Firefox DNS prefetch is worse as it always gets the AAAA record in addition to the A record further increasing DNS queries. Though I did try the FF4 beta and it seems this is corrected in the future release.
IE8 / 9 early beta do not appear to do DNS prefetching.
Solution - Prefetch Control
Prefetching seems to be enabled by default on every browser, but can be disabled in the settings. You could ask all your users to disable prefetch in their browsers but that just would be a waste of goodwill with your users. Luckily the browsers have standardized on a prefetch control meta tag that can be used on your page to disable prefetching.
The dns prefetch control allows you to turn off and on prefetching for your whole page or certain parts of the page. Additionally you can force lookups on specific hostnames.

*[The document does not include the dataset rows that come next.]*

(* Let $V$ be a simple unitary vertex operator algebra and let $a\in V$ be a primary vector of conformal dimension $d_a\neq 1$. Then there is a real number $A\geq 0$ such that $$\|a_m\|_n\leq A\sqrt{1+|m|}\,(1+|n|)\big(\|a_0\|_n+\|a_0\|_{n-m}\big)$$ for all $m,n\in\mathbb{Z}$. Moreover, if $\|a_0(L_0+1_V)^{-s}\|<+\infty$ for some real $s\geq 0$, then $a$ satisfies $(s+1)$-th order energy bounds and $$\|a_m(L_0+1_V)^{-s-1}\|\leq 2A(1+|m|)^{s+\frac12}\,\|a_0(L_0+1_V)^{-s}\|$$ for all $m\in\mathbb{Z}$.
   Context: A simple unitary vertex operator algebra is a vertex operator algebra $V$ (over $\mathbb{C}$) of CFT type, i.e. $V=\bigoplus_{n\geq 0}V_n$ with $V_n=\ker(L_0-n1_V)$ and $V_0=\mathbb{C}\Omega$, with vacuum $\Omega$ and conformal vector $\nu$, $Y(\nu,z)=\sum_{n}L_nz^{-n-2}$, equipped with a scalar product $(\cdot|\cdot)$ with $(\Omega|\Omega)=1$ and an antilinear involution $a\mapsto a^*$ with $\nu^*=\nu$ such that $(b|a_nc)=(a^*_{-n}b|c)$ for all $a,b,c\in V$, $n\in\mathbb{Z}$. For $a\in V$ the modes $a_n\in\mathrm{End}(V)$ are defined by $Y(z^{L_0}a,z)=\sum_{n\in\mathbb{Z}}a_nz^{-n}$. A vector $a$ is primary of conformal dimension $d$ if $a\in V_d$ and $L_ka=0$ for all integers $k>0$. Write $\|a\|=\sqrt{(a|a)}$, $V_{\leq n}=\bigoplus_{k\leq n}V_k$; for a linear map $R$ defined on $V$, $\|R\|_n:=\sup\{\|Rb\|: b\in V_{\leq n},\ \|b\|\leq 1\}$ and $\|R\|:=\sup\{\|Rb\|: b\in V,\|b\|\leq1\}$, both in $[0,+\infty]$; $(L_0+1_V)^{-s}$ acts on $V_n$ as multiplication by $(n+1)^{-s}$. A vector $a\in V$ satisfies $s$-th order energy bounds if there are real $C,t\geq 0$ with $\|a_m\|_n\leq C(1+|m|)^t(1+|n|)^s$ for all $m,n\in\mathbb{Z}$. *)

theory Defs
  imports "HOL-Analysis.Analysis" "HOL-Library.Extended_Real"
begin

text \<open>Data of a vertex operator algebra: a complex vector space with carrier type 'v and
scalar multiplication sc; Y a k b denotes the standard mode a_(k) b, i.e.
Y(a,z) = sum_k a_(k) z^(-k-1); Omega the vacuum; nu the conformal vector.\<close>

definition Lop :: "('v \<Rightarrow> int \<Rightarrow> 'v \<Rightarrow> 'v) \<Rightarrow> 'v \<Rightarrow> int \<Rightarrow> 'v \<Rightarrow> 'v" where
  "Lop Y \<nu> n = Y \<nu> (n + 1)"

definition eigsp :: "(complex \<Rightarrow> 'v::ab_group_add \<Rightarrow> 'v) \<Rightarrow> ('v \<Rightarrow> int \<Rightarrow> 'v \<Rightarrow> 'v) \<Rightarrow> 'v \<Rightarrow> nat \<Rightarrow> 'v set" where
  "eigsp sc Y \<nu> n = {v. Lop Y \<nu> 0 v = sc (of_nat n) v}"

definition hcomp :: "(complex \<Rightarrow> 'v::ab_group_add \<Rightarrow> 'v) \<Rightarrow> ('v \<Rightarrow> int \<Rightarrow> 'v \<Rightarrow> 'v) \<Rightarrow> 'v \<Rightarrow> 'v \<Rightarrow> nat \<Rightarrow> 'v" where
  "hcomp sc Y \<nu> v = (SOME f. finite {n. f n \<noteq> 0} \<and> (\<forall>n. f n \<in> eigsp sc Y \<nu> n)
       \<and> v = sum f {n. f n \<noteq> 0})"

text \<open>Modes a_n in the convention Y(z^(L_0) a, z) = sum_n a_n z^(-n): for a in V_d one has
a_n = a_(n+d-1); extended linearly in a.\<close>
definition pmode :: "(complex \<Rightarrow> 'v::ab_group_add \<Rightarrow> 'v) \<Rightarrow> ('v \<Rightarrow> int \<Rightarrow> 'v \<Rightarrow> 'v) \<Rightarrow> 'v \<Rightarrow> 'v \<Rightarrow> int \<Rightarrow> 'v \<Rightarrow> 'v" where
  "pmode sc Y \<nu> a n c =
     (\<Sum>d\<in>{d. hcomp sc Y \<nu> a d \<noteq> 0}. Y (hcomp sc Y \<nu> a d) (n + int d - 1) c)"

definition sgn_pow :: "int \<Rightarrow> complex" where
  "sgn_pow r = (if even r then 1 else -1)"

definition is_VOA :: "(complex \<Rightarrow> 'v::ab_group_add \<Rightarrow> 'v) \<Rightarrow> ('v \<Rightarrow> int \<Rightarrow> 'v \<Rightarrow> 'v) \<Rightarrow> 'v \<Rightarrow> 'v \<Rightarrow> bool" where
  "is_VOA sc Y \<Omega> \<nu> \<longleftrightarrow>
     Vector_Spaces.vector_space sc \<and>
     (\<forall>a k. Vector_Spaces.linear sc sc (Y a k)) \<and>
     (\<forall>k b. Vector_Spaces.linear sc sc (\<lambda>a. Y a k b)) \<and>
     \<comment> \<open>truncation\<close>
     (\<forall>a b. \<exists>N. \<forall>k\<ge>N. Y a k b = 0) \<and>
     \<comment> \<open>vacuum\<close>
     (\<forall>k b. Y \<Omega> k b = (if k = -1 then b else 0)) \<and>
     (\<forall>a. Y a (-1) \<Omega> = a \<and> (\<forall>k\<ge>0. Y a k \<Omega> = 0)) \<and>
     \<comment> \<open>Borcherds (Jacobi) identity; sums are finite by truncation\<close>
     (\<forall>a b c p q r. \<forall>\<^sub>F M in sequentially.
        (\<Sum>i<M. sc ((of_int p) gchoose i) (Y (Y a (r + int i) b) (p + q - int i) c)) =
        (\<Sum>i<M. sc ((-1)^i * ((of_int r) gchoose i))
            (Y a (p + r - int i) (Y b (q + int i) c)
             - sc (sgn_pow r) (Y b (q + r - int i) (Y a (p + int i) c))))) \<and>
     \<comment> \<open>conformal vector: Virasoro relations, L_(-1)-derivative property, nu in V_2\<close>
     (\<exists>cc::complex. \<forall>m n b.
        Lop Y \<nu> m (Lop Y \<nu> n b) - Lop Y \<nu> n (Lop Y \<nu> m b) =
        sc (of_int (m - n)) (Lop Y \<nu> (m + n) b)
        + (if m + n = 0 then sc (cc / 12 * of_int (m^3 - m)) b else 0)) \<and>
     (\<forall>a k b. Y (Lop Y \<nu> (-1) a) k b = sc (- of_int k) (Y a (k - 1) b)) \<and>
     \<nu> \<in> eigsp sc Y \<nu> 2 \<and>
     \<comment> \<open>grading V = direct sum of V_n, n \<ge> 0, with finite-dimensional V_n\<close>
     (\<forall>v. \<exists>f::nat \<Rightarrow> 'v. finite {n. f n \<noteq> 0} \<and> (\<forall>n. f n \<in> eigsp sc Y \<nu> n)
            \<and> v = sum f {n. f n \<noteq> 0}) \<and>
     (\<forall>z::complex. \<forall>v. Lop Y \<nu> 0 v = sc z v \<and> v \<noteq> 0 \<longrightarrow> (\<exists>n::nat. z = of_nat n)) \<and>
     (\<forall>n. \<exists>B. finite B \<and> eigsp sc Y \<nu> n \<subseteq> module.span sc B) \<and>
     \<comment> \<open>CFT type\<close>
     eigsp sc Y \<nu> 0 = range (\<lambda>z. sc z \<Omega>)"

Initially I disabled prefetch on a subset of the pages and the result was dramatic and instant
Additional tuning resulted in a further drop
After realizing this was the cause for bloated dns queries I called up my buddies at deviantART to let them know about this discovery and asked them to implement the basic fix. Their result was also instant.
On deviantART this adds up to a decrease of about 10 billion dns queries per month
When I first heard of DNS prefetching I thought it was a great idea and assumed it was an optimization that had absolutely no negative issues. I did not fully understand the mechanics and impact that it may cause on an organization. If 350 million queries cost Pinkbike.com $1600/month, then saving a cost for a few billion queries per month starts to be something to consider carefully.
Before you run to disable prefetching on your site, please realize that the increase in queries is directly proportional to the amount of subdomains that you link on your page. Arguably, prefetching is an effective way to decrease latency for most sites, but there are implications. I hope this article will make you aware of and help you understand the potential impact and behaviour of this technology.
- A browser and OS typically cache DNS hostnames in the order of a few hundred. If a user is visiting sites that have a lot of subdomain hostnames, do the valuable entries in these caches get evicted by prefetched entries frequently, and in so prefetching may be causing increased latency?
- If I'm paying for an enterprise DNS solution which has DNS servers all over the world to minimize query time, is browser prefetching less valuable to me?
- If you're thinking of building a site with the pattern of username.example.com, this data may sway you away from it.